Critics say that huge mistakes were made

‘Sopranos’ Star, James Gandolfini’s, Estate Planning Controversy

You need more than that [a will], especially if you have assets over as little as $500,000.

UltraTrust.com, founded by Estate Street Partners as an informational website on expert irrevocable trust and estate planning, has recently reviewed James Gandolfini’s estate planning and will document (3) to determine if Mr. Gandolfini made the best choices for his family [Surrogate’s court of the State of New York, County of New York, File No. 13-2546, (2013)].

On June 19, 2013, Reuters reported that James Gandolfini died in Rome, Italy (1). He was the actor that played Tony Soprano on the hit series “The Soprano’s.” A hospital source said It was confirmed by autopsy it was a heart attack.

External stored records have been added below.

(* the operator V of sem_step for D = mould_op B mLogI *)
lemma mould_op_dem:
  assumes B: "strict_hom_family B"
  shows "hsum (\<lambda>n. if exp (ldot lam n) \<noteq> 1
                   then op_scale (1 / (1 - exp (ldot lam n))) (hom_part (mould_op B mLogI) n)
                   else op_zero) = mould_op B (dem lam)"
proof (intro ext)
  fix k m
  let ?e = "exp (ldot lam (mdeg k - mdeg m))"
  have "mould_op B (dem lam) k m
      = mould_op B (\<lambda>w. (if ?e \<noteq> 1 then 1 / (1 - ?e) else 0) * mLogI w) k m"
  proof (rule mould_op_cong)
    fix w assume "op_word B w k m \<noteq> 0"
    hence "sum_list w = mdeg k - mdeg m" using op_word_nonzero[OF B] by simp
    thus "dem lam w = (if ?e \<noteq> 1 then 1 / (1 - ?e) else 0) * mLogI w"
      by (auto simp: dem_def mLogI_def)
  qed
  thus "hsum (\<lambda>n. if exp (ldot lam n) \<noteq> 1
                   then op_scale (1 / (1 - exp (ldot lam n))) (hom_part (mould_op B mLogI) n)
                   else op_zero) k m = mould_op B (dem lam) k m"
    by (simp add: mould_op_scale hsum_def op_scale_def hom_part_def op_zero_def)
qed

section \<open>One trimming step\<close>

lemma sem_step_mould_op:
  assumes B: "strict_hom_family B"
  shows "sem_step lam (op_comp (op_lin lam) (mould_op B (\<lambda>a. mone a + mI a)))
       = op_comp (op_lin lam) (mould_op B (sem lam))"
proof -
  let ?L = "op_lin lam" and ?L' = "op_lin (- lam)"
  let ?P = "mould_op B (\<lambda>a. mone a + mI a)"
  let ?E = "mould_op B (mExp (dem lam))" and ?Q = "mould_op B (mExp (\<lambda>a. - dem lam a))"
  have nondecr: "tdeg_nondecreasing (mould_op B M)" for M
    by (rule tdeg_nondecreasing_mould_op[OF B])
  have log: "op_minus (op_comp ?L' (op_comp ?L ?P)) op_id = mould_op B mI"
    by (intro ext) (simp add: op_lin_uminus_comp_op_lin op_minus_def mould_op_add mould_op_mone[OF B])
  have neg: "op_uminus (mould_op B (dem lam)) = mould_op B (\<lambda>a. - dem lam a)"
    by (intro ext) (simp add: op_uminus_def mould_op_uminus)
  have "sem_step lam (op_comp ?L ?P)
      = op_comp (op_exp (mould_op B (dem lam)))
          (op_comp (op_comp ?L ?P) (op_exp (op_uminus (mould_op B (dem lam)))))"
    unfolding sem_step_def Let_def log op_log1p_mould_op_mI[OF B] mould_op_dem[OF B] ..
  also have "\<dots> = op_comp ?E (op_comp (op_comp ?L ?P) ?Q)"
    unfolding neg by (simp add: op_exp_mould_op[OF B] dem_def)
  also have "\<dots> = op_comp ?L (op_comp ?L' (op_comp ?E (op_comp ?L (op_comp ?P ?Q))))"
    by (simp add: op_lin_comp_op_lin_uminus op_comp_assoc nondecr)
  also have "\<dots> = op_comp ?L (op_comp (op_comp (op_comp ?L' (op_comp ?E ?L)) ?P) ?Q)"
    by (simp add: op_comp_assoc nondecr tdeg_nondecreasing_op_comp tdeg_nondecreasing_op_lin)
  also have "\<dots> = op_comp ?L (mould_op B (sem lam))"
    unfolding sem_def mould_op_mprod[OF B] mould_op_eDelta[OF B] ..
  finally show ?thesis .
qed

section \<open>Mould composition as substitution of families\<close>

definition splittings :: "'a list \<Rightarrow> 'a list list set" where
  "splittings a = {ps. concat ps = a \<and> (\<forall>p\<in>set ps. p \<noteq> [])}"

lemma finite_splittings: "finite (splittings a)"
proof -
  have "length ps \<le> length (concat ps)" if "\<forall>p\<in>set ps. p \<noteq> []" for ps :: "'a list list"
    using that
  proof (induction ps)
    case (Cons p ps)
    hence "1 \<le> length p" by (cases p) auto
    with Cons show ?case by simp
  qed simp
  moreover have "length p \<le> length (concat ps)" if "p \<in> set ps" for p :: "'a list" and ps
    using that by (induction ps) auto
  ultimately have "splittings a \<subseteq>
      {ps. set ps \<subseteq> {p. set p \<subseteq> set a \<and> length p \<le> length a} \<and> length ps \<le> length a}"
    unfolding splittings_def by fastforce
  thus ?thesis
    by (rule finite_subset) (intro finite_lists_length_le finite_lists_length_le[of "set a"]; simp)
qed

lemma Nil_in_splittings_iff: "[] \<in> splittings a \<longleftrightarrow> a = []"
  unfolding splittings_def by auto

lemma splittings_Nil: "splittings [] = {[]}"
  unfolding splittings_def by auto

It appears that some estate planning lawyers as outlined in a report by Fox News (6) have deemed Mr. Gandolfini’s estate plan as less than ideal and some critics have argued that he could have done much more to save from paying so much in taxes according to elderlawanswers.com (5).

William Zabel, an estate planning lawyer who has represented the likes of billionaire George Soros and Howard Stern, has largely criticized and attacked James Gandolfini’s estate plan in the story by Fox News (6).

There have been reports that his estate is estimated at around $70 million, but Gandolfini’s estate lawyer informed The New York Times that this is not accurate. However, he did state Gandolfini’s estate was substantial also noted at CNBC (4).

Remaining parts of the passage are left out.